(Beginning of MATERIAL PROVIDED)

lemma udisj_self_imp_zero:
  fixes T :: "'a::{ordered_real_vector,lattice} \<Rightarrow> 'b::{ordered_real_vector,conditionally_complete_lattice}"
  assumes T: "T \<in> uryson" and "udisj T T" shows "T = (\<lambda>x. 0)"
proof -
  have "uinf (uabs T) (uabs T) = uabs T" using uabs_uryson[OF T] by (rule uinf_absorb1) (simp add: op_le_def op_pos_def)
  then show ?thesis using assms(2) uabs_eq_zero_imp[OF T] unfolding udisj_def by simp
qed

lemma band_proj_of_nonneg:
  fixes R :: "('a::{ordered_real_vector,lattice} \<Rightarrow> 'b::{ordered_real_vector,conditionally_complete_lattice}) \<Rightarrow> ('a \<Rightarrow> 'b)"
  assumes R: "band_proj R" and T: "T \<in> uryson" and p: "op_pos T"
  shows "pos_uryson (R T)" "\<And>x. R T x \<le> T x" "R (R T) = R T"
proof -
  obtain B where B: "uband B" "proj_onto R B" using R band_proj_def by blast
  have Bu: "B \<subseteq> uryson" and B_add: "\<forall>S\<in>B. \<forall>T\<in>B. (\<lambda>x. S x + T x) \<in> B"
    and B_scaleR: "\<forall>c. \<forall>S\<in>B. (\<lambda>x. c *\<^sub>R S x) \<in> B"
    using B(1) unfolding uband_def by blast+
  have B_diff: "(\<lambda>x. S x - T x) \<in> B" if "S \<in> B" "T \<in> B" for S T
  proof -
    have "(\<lambda>x. (- 1) *\<^sub>R T x) \<in> B" by (rule B_scaleR[rule_format, OF that(2)])
    then have "(\<lambda>x. S x + (- 1) *\<^sub>R T x) \<in> B" by (rule B_add[rule_format, OF that(1)])
    then show ?thesis by simp
  qed
  have RT: "R T \<in> B" "(\<lambda>x. T x - R T x) \<in> uorth B" using B(2) T unfolding proj_onto_def by auto
  then have RTu: "R T \<in> uryson" using Bu by blast
  have "udisj (R T) (\<lambda>x. T x - R T x)" using RT unfolding uorth_def by blast
  then have "0 \<le> R T x" "0 \<le> T x - R T x" for x
    using nonneg_if_disj_decomposition[OF _ RTu uryson_diff[OF T RTu]] T p
    unfolding pos_uryson_def op_pos_def by simp_all
  then show "pos_uryson (R T)" "\<And>x. R T x \<le> T x" using RTu pos_uryson_def by auto
  have RRT: "R (R T) \<in> B" "(\<lambda>x. R T x - R (R T) x) \<in> uorth B" using B(2) RTu unfolding proj_onto_def by auto
  then have "(\<lambda>x. R T x - R (R T) x) \<in> B \<inter> uorth B" using B_diff[OF RT(1)] by blast
  then have "(\<lambda>x. R T x - R (R T) x) = (\<lambda>x. 0)" using udisj_self_imp_zero unfolding uorth_def by blast
  then show "R (R T) = R T" by (simp add: fun_eq_iff)
qed

section \<open>The band \<open>\<U>\<^sub>\<AA>(E,F)\<^sup>\<perp>\<close>\<close>

lemma uabs_zero_on_null_set:
  fixes S :: "'a::{ordered_real_vector,lattice} \<Rightarrow> 'b::{ordered_real_vector,conditionally_complete_lattice}"
  assumes S: "S \<in> uryson" and N: "admissible (null_set S)" and y: "y \<in> null_set S"
  shows "uabs S y = 0"
proof -
  have "uabs S y \<le> 0" unfolding uabs_def usup_eq_frag_sup[OF S uryson_uminus[OF S]]
  proof (rule frag_sup_least)
    fix w assume "fragment w y"
    then have "w \<in> null_set S" "y - w \<in> null_set S"
      using admissible_fragment[OF N y] fragment_complement by blast+
    then show "S w + - S (y - w) \<le> 0" by (simp add: null_set_def)
  qed
  then show ?thesis using uabs_nonneg[OF S] by (simp add: order.antisym)
qed

lemma admissible_null_set: "pos_uryson V \<Longrightarrow> admissible (null_set V)"
  unfolding admissible_def null_set_def pos_uryson_def
  by (auto simp: uryson_add_disj)
    (metis op_pos_def order.antisym uryson_nonneg_fragment_le)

(End of MATERIAL PROVIDED)

= DIRECTIONS FOR THIS TASK =
Wherever a line in the data above holds "assumes", copy that line.

= SOLUTION FOR THIS EXERCISE =
  assumes T: "T \<in> uryson" and "udisj T T" shows "T = (\<lambda>x. 0)"
  assumes R: "band_proj R" and T: "T \<in> uryson" and p: "op_pos T"
  assumes S: "S \<in> uryson" and N: "admissible (null_set S)" and y: "y \<in> null_set S"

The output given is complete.